● **WORK TO COMPLETE**: From the entries, copy out every line in which the word "integrable" is found.

● **THE DATA**:
(* Let $(\Omega,\mathscr F,(\mathscr F_t)_{t\ge0},\mathbb P)$ be a complete filtered probability space satisfying the usual conditions with $\mathscr F_0$ trivial, let $S$ be a pricing kernel and $G$ a positive semimartingale with $G_0=1$ such that $SG$ is also a pricing kernel (as in the context). Suppose that both $K=S$ and $K=SG$ satisfy: (a) for each $t>0$, $\mathbb E^{\mathbb P}_t[K_T]/\mathbb E^{\mathbb P}[K_T]$ converges in $L^1(\mathbb P)$ as $T\to\infty$ to an almost surely positive $\mathscr F_t$-measurable random variable; (b) for each $t>0$, $\mathbb E^{\mathbb P}[K_{T-t}]/\mathbb E^{\mathbb P}[K_T]$ has a positive finite limit as $T\to\infty$. Let $\lambda,\pi,B^\infty,\mathbb L$ and $\pi^G,\mathbb G$ be as in the context. Suppose further that for some $t\ge0$ there are constants $0<c<C<\infty$ and $T'>0$ such that almost surely $c<\frac{\mathbb E^{\mathbb G}_t[\pi_T/\pi_T^G]}{\mathbb E^{\mathbb G}_t[1/\pi_T^G]}<C$ for all $T>T'$. Then $\lim_{T\to\infty}\rho^{\mathbb L}_{t,T}(G_T)=\lambda$, in probability under any measure locally equivalent to $\mathbb P$.
   Context: A pricing kernel is a strictly positive semimartingale $K$ with $K_0=1$, strictly positive left-limit process $K_-$, and $\mathbb E^{\mathbb P}[K_T/K_t]<\infty$ for $T>t\ge0$. $\mathbb E_t$ is conditional expectation given $\mathscr F_t$. For a kernel $K$ satisfying (a),(b), write $P_t^{K,T}:=\mathbb E^{\mathbb P}_t[K_T/K_t]$, let $M_t^{K}$ be the $L^1$-limit in (a) (with $M_0^K=1$; it is a positive martingale), let $\lambda^K$ be the constant with $\lim_{T\to\infty}\mathbb E^{\mathbb P}[K_{T-t}]/\mathbb E^{\mathbb P}[K_T]=e^{\lambda^K t}$, and let $\pi^K_t$ be the positive limit in the semimartingale topology of $P_t^{K,T}/P_0^{K,T-t}$ as $T\to\infty$; then $K_t=e^{-\lambda^K t}M^K_t/\pi^K_t$. For $K=S$ write $\lambda,\pi,M^\infty$, put $B_t^\infty:=e^{\lambda t}\pi_t$ (the long bond) and define $\mathbb L$ by $\mathbb L|_{\mathscr F_t}=M_t^\infty\,\mathbb P|_{\mathscr F_t}$. For $K=SG$ write $\lambda^G,\pi^G,M^{G,\infty}$ and define the long forward growth measure $\mathbb G$ by $\mathbb G|_{\mathscr F_t}=M_t^{G,\infty}\,\mathbb P|_{\mathscr F_t}$. The exponential yield on $G$ under $\mathbb L$ is $\rho^{\mathbb L}_{t,T}(G_T):=\frac{1}{T-t}\log\Big(\frac{\mathbb E^{\mathbb L}_t[G_T]}{\mathbb E^{\mathbb L}_t[G_TB_t^\infty/B_T^\infty]}\Big)$. Locally equivalent means equivalent on each $\mathscr F_t$. *)

theory Defs
  imports "HOL-Probability.Probability"
begin

definition usual_filtered_space :: "'a measure \<Rightarrow> (real \<Rightarrow> 'a measure) \<Rightarrow> bool" where
  "usual_filtered_space P F \<longleftrightarrow>
     prob_space P \<and>
     (\<forall>t\<ge>0. subalgebra P (F t)) \<and>
     (\<forall>s t. 0 \<le> s \<longrightarrow> s \<le> t \<longrightarrow> sets (F s) \<subseteq> sets (F t)) \<and>
     (\<forall>N \<in> null_sets P. \<forall>A. A \<subseteq> N \<longrightarrow> A \<in> sets P) \<and>
     null_sets P \<subseteq> sets (F 0) \<and>
     (\<forall>t\<ge>0. sets (F t) = (\<Inter>s\<in>{t<..}. sets (F s))) \<and>
     (\<forall>A \<in> sets (F 0). measure P A = 0 \<or> measure P A = 1)"

definition adapted :: "(real \<Rightarrow> 'a measure) \<Rightarrow> (real \<Rightarrow> 'a \<Rightarrow> real) \<Rightarrow> bool" where
  "adapted F X \<longleftrightarrow> (\<forall>t\<ge>0. X t \<in> borel_measurable (F t))"

definition cadlag :: "(real \<Rightarrow> real) \<Rightarrow> bool" where
  "cadlag f \<longleftrightarrow> (\<forall>t\<ge>0. (f \<longlongrightarrow> f t) (at_right t) \<and> (0 < t \<longrightarrow> (\<exists>l. (f \<longlongrightarrow> l) (at_left t))))"

text \<open>Elementary (simple) predictable integrands bounded by 1:
  H = h0 1_{0} + sum_{i<n} h_i 1_{(s_i, s_{i+1}]}, h_i F_{s_i}-measurable, |h_i| <= 1.\<close>
definition simple_pred :: "(real \<Rightarrow> 'a measure) \<Rightarrow> ('a \<Rightarrow> real) \<Rightarrow> nat \<Rightarrow> (nat \<Rightarrow> real)
    \<Rightarrow> (nat \<Rightarrow> 'a \<Rightarrow> real) \<Rightarrow> bool" where
  "simple_pred F h0 n s h \<longleftrightarrow>
     h0 \<in> borel_measurable (F 0) \<and> (\<forall>\<omega>\<in>space (F 0). \<bar>h0 \<omega>\<bar> \<le> 1) \<and>
     0 \<le> s 0 \<and> (\<forall>i<n. s i \<le> s (Suc i)) \<and>
     (\<forall>i<n. h i \<in> borel_measurable (F (s i)) \<and> (\<forall>\<omega>\<in>space (F (s i)). \<bar>h i \<omega>\<bar> \<le> 1))"

definition elem_int :: "(real \<Rightarrow> 'a \<Rightarrow> real) \<Rightarrow> ('a \<Rightarrow> real) \<Rightarrow> nat \<Rightarrow> (nat \<Rightarrow> real)
    \<Rightarrow> (nat \<Rightarrow> 'a \<Rightarrow> real) \<Rightarrow> real \<Rightarrow> 'a \<Rightarrow> real" where
  "elem_int X h0 n s h t \<omega> = h0 \<omega> * X 0 \<omega> +
     (\<Sum>i<n. h i \<omega> * (X (min (s (Suc i)) t) \<omega> - X (min (s i) t) \<omega>))"

definition bounded_in_prob :: "'a measure \<Rightarrow> ('a \<Rightarrow> real) set \<Rightarrow> bool" where
  "bounded_in_prob P Ys \<longleftrightarrow>
     (\<forall>e>0. \<exists>c. \<forall>Y\<in>Ys. measure P {\<omega>\<in>space P. c < \<bar>Y \<omega>\<bar>} \<le> e)"

text \<open>Semimartingale = adapted cadlag good integrator (Bichteler--Dellacherie):
  for each t the elementary integrals of integrands bounded by 1 are bounded in probability.\<close>
definition semimartingale :: "'a measure \<Rightarrow> (real \<Rightarrow> 'a measure) \<Rightarrow> (real \<Rightarrow> 'a \<Rightarrow> real) \<Rightarrow> bool" where
  "semimartingale P F X \<longleftrightarrow>
     adapted F X \<and> (AE \<omega> in P. cadlag (\<lambda>t. X t \<omega>)) \<and>
     (\<forall>t\<ge>0. bounded_in_prob P {elem_int X h0 n s h t | h0 n s h. simple_pred F h0 n s h})"

definition pricing_kernel :: "'a measure \<Rightarrow> (real \<Rightarrow> 'a measure) \<Rightarrow> (real \<Rightarrow> 'a \<Rightarrow> real) \<Rightarrow> bool" where
  "pricing_kernel P F K \<longleftrightarrow>
     semimartingale P F K \<and>
     (AE \<omega> in P. \<forall>t\<ge>0. 0 < K t \<omega>) \<and>
     (AE \<omega> in P. K 0 \<omega> = 1) \<and>
     (AE \<omega> in P. \<forall>t>0. \<exists>l>0. ((\<lambda>s. K s \<omega>) \<longlongrightarrow> l) (at_left t)) \<and>
     (\<forall>t T. 0 \<le> t \<longrightarrow> t < T \<longrightarrow> integrable P (\<lambda>\<omega>. K T \<omega> / K t \<omega>))"

definition cexp :: "'a measure \<Rightarrow> (real \<Rightarrow> 'a measure) \<Rightarrow> real \<Rightarrow> ('a \<Rightarrow> real) \<Rightarrow> 'a \<Rightarrow> real" where
  "cexp P F t X = real_cond_exp P (F t) X"

definition price :: "'a measure \<Rightarrow> (real \<Rightarrow> 'a measure) \<Rightarrow> (real \<Rightarrow> 'a \<Rightarrow> real) \<Rightarrow> real \<Rightarrow> real \<Rightarrow> 'a \<Rightarrow> real" where
  "price P F K t T = cexp P F t (\<lambda>\<omega>. K T \<omega> / K t \<omega>)"

text \<open>Conditions (a) and (b) for K, with M the L^1-limit in (a) (M_0 = 1) and lam the
  constant with lim E[K_{T-t}]/E[K_T] = exp(lam t).\<close>
definition kernel_limits :: "'a measure \<Rightarrow> (real \<Rightarrow> 'a measure) \<Rightarrow> (real \<Rightarrow> 'a \<Rightarrow> real)
    \<Rightarrow> (real \<Rightarrow> 'a \<Rightarrow> real) \<Rightarrow> real \<Rightarrow> bool" where
  "kernel_limits P F K M lam \<longleftrightarrow>
     (\<forall>\<omega>\<in>space P. M 0 \<omega> = 1) \<and>
     (\<forall>t>0. M t \<in> borel_measurable (F t) \<and> integrable P (M t) \<and> (AE \<omega> in P. 0 < M t \<omega>) \<and>
        ((\<lambda>T. \<integral>\<omega>. \<bar>cexp P F t (K T) \<omega> / (\<integral>x. K T x \<partial>P) - M t \<omega>\<bar> \<partial>P) \<longlongrightarrow> 0) at_top) \<and>
     (\<forall>t>0. \<exists>l. 0 < l \<and> ((\<lambda>T. (\<integral>x. K (T - t) x \<partial>P) / (\<integral>x. K T x \<partial>P)) \<longlongrightarrow> l) at_top) \<and>
     (\<forall>t>0. ((\<lambda>T. (\<integral>x. K (T - t) x \<partial>P) / (\<integral>x. K T x \<partial>P)) \<longlongrightarrow> exp (lam * t)) at_top)"

definition emery_lim :: "'a measure \<Rightarrow> (real \<Rightarrow> 'a measure) \<Rightarrow> (real \<Rightarrow> real \<Rightarrow> 'a \<Rightarrow> real)
    \<Rightarrow> (real \<Rightarrow> 'a \<Rightarrow> real) \<Rightarrow> bool" where
  "emery_lim P F X Y \<longleftrightarrow>
     (\<forall>t\<ge>0. ((\<lambda>T. Sup {\<integral>\<omega>. min 1 \<bar>elem_int (\<lambda>u \<omega>. X T u \<omega> - Y u \<omega>) h0 n s h t \<omega>\<bar> \<partial>P
                          | h0 n s h. simple_pred F h0 n s h}) \<longlongrightarrow> 0) at_top)"

definition is_pi :: "'a measure \<Rightarrow> (real \<Rightarrow> 'a measure) \<Rightarrow> (real \<Rightarrow> 'a \<Rightarrow> real)
    \<Rightarrow> (real \<Rightarrow> 'a \<Rightarrow> real) \<Rightarrow> bool" where
  "is_pi P F K piK \<longleftrightarrow>
     (\<forall>s\<ge>0. piK s \<in> borel_measurable (F s) \<and> (AE \<omega> in P. 0 < piK s \<omega>)) \<and>
     (\<exists>Pi. (\<forall>T s. 0 \<le> s \<longrightarrow> s < T \<longrightarrow> Pi T s \<in> borel_measurable (F s) \<and>
              (AE \<omega> in P. Pi T s \<omega> = price P F K s T \<omega> / price P F K 0 (T - s) \<omega>)) \<and>
           emery_lim P F Pi piK)"

text \<open>Conditional expectation E^Q_t[X] for F_T-measurable X, where Q|F_T = M_T P|F_T.\<close>
definition cexp_dens :: "'a measure \<Rightarrow> (real \<Rightarrow> 'a measure) \<Rightarrow> (real \<Rightarrow> 'a \<Rightarrow> real) \<Rightarrow> real
    \<Rightarrow> real \<Rightarrow> ('a \<Rightarrow> real) \<Rightarrow> 'a \<Rightarrow> real" where
  "cexp_dens P F M T t X = real_cond_exp (density P (\<lambda>\<omega>. ennreal (M T \<omega>))) (F t) X"

text \<open>Exponential yield rho^L_{t,T}(G_T), with B the long bond and L|F_T = M_T P|F_T.\<close>
definition exp_yield :: "'a measure \<Rightarrow> (real \<Rightarrow> 'a measure) \<Rightarrow> (real \<Rightarrow> 'a \<Rightarrow> real)
    \<Rightarrow> (real \<Rightarrow> 'a \<Rightarrow> real) \<Rightarrow> (real \<Rightarrow> 'a \<Rightarrow> real) \<Rightarrow> real \<Rightarrow> real \<Rightarrow> 'a \<Rightarrow> real" where
  "exp_yield P F M B G t T \<omega> =
     1 / (T - t) * ln (cexp_dens P F M T t (G T) \<omega> /
                       cexp_dens P F M T t (\<lambda>x. G T x * B t x / B T x) \<omega>)"

definition locally_equivalent :: "'a measure \<Rightarrow> (real \<Rightarrow> 'a measure) \<Rightarrow> 'a measure \<Rightarrow> bool" where
  "locally_equivalent P F Q \<longleftrightarrow>
     prob_space Q \<and> sets Q = sets P \<and>
     (\<forall>t\<ge>0. \<forall>A\<in>sets (F t). emeasure P A = 0 \<longleftrightarrow> emeasure Q A = 0)"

● **FINISHED TASK**:
     (\<forall>t T. 0 \<le> t \<longrightarrow> t < T \<longrightarrow> integrable P (\<lambda>\<omega>. K T \<omega> / K t \<omega>))"
     (\<forall>t>0. M t \<in> borel_measurable (F t) \<and> integrable P (M t) \<and> (AE \<omega> in P. 0 < M t \<omega>) \<and>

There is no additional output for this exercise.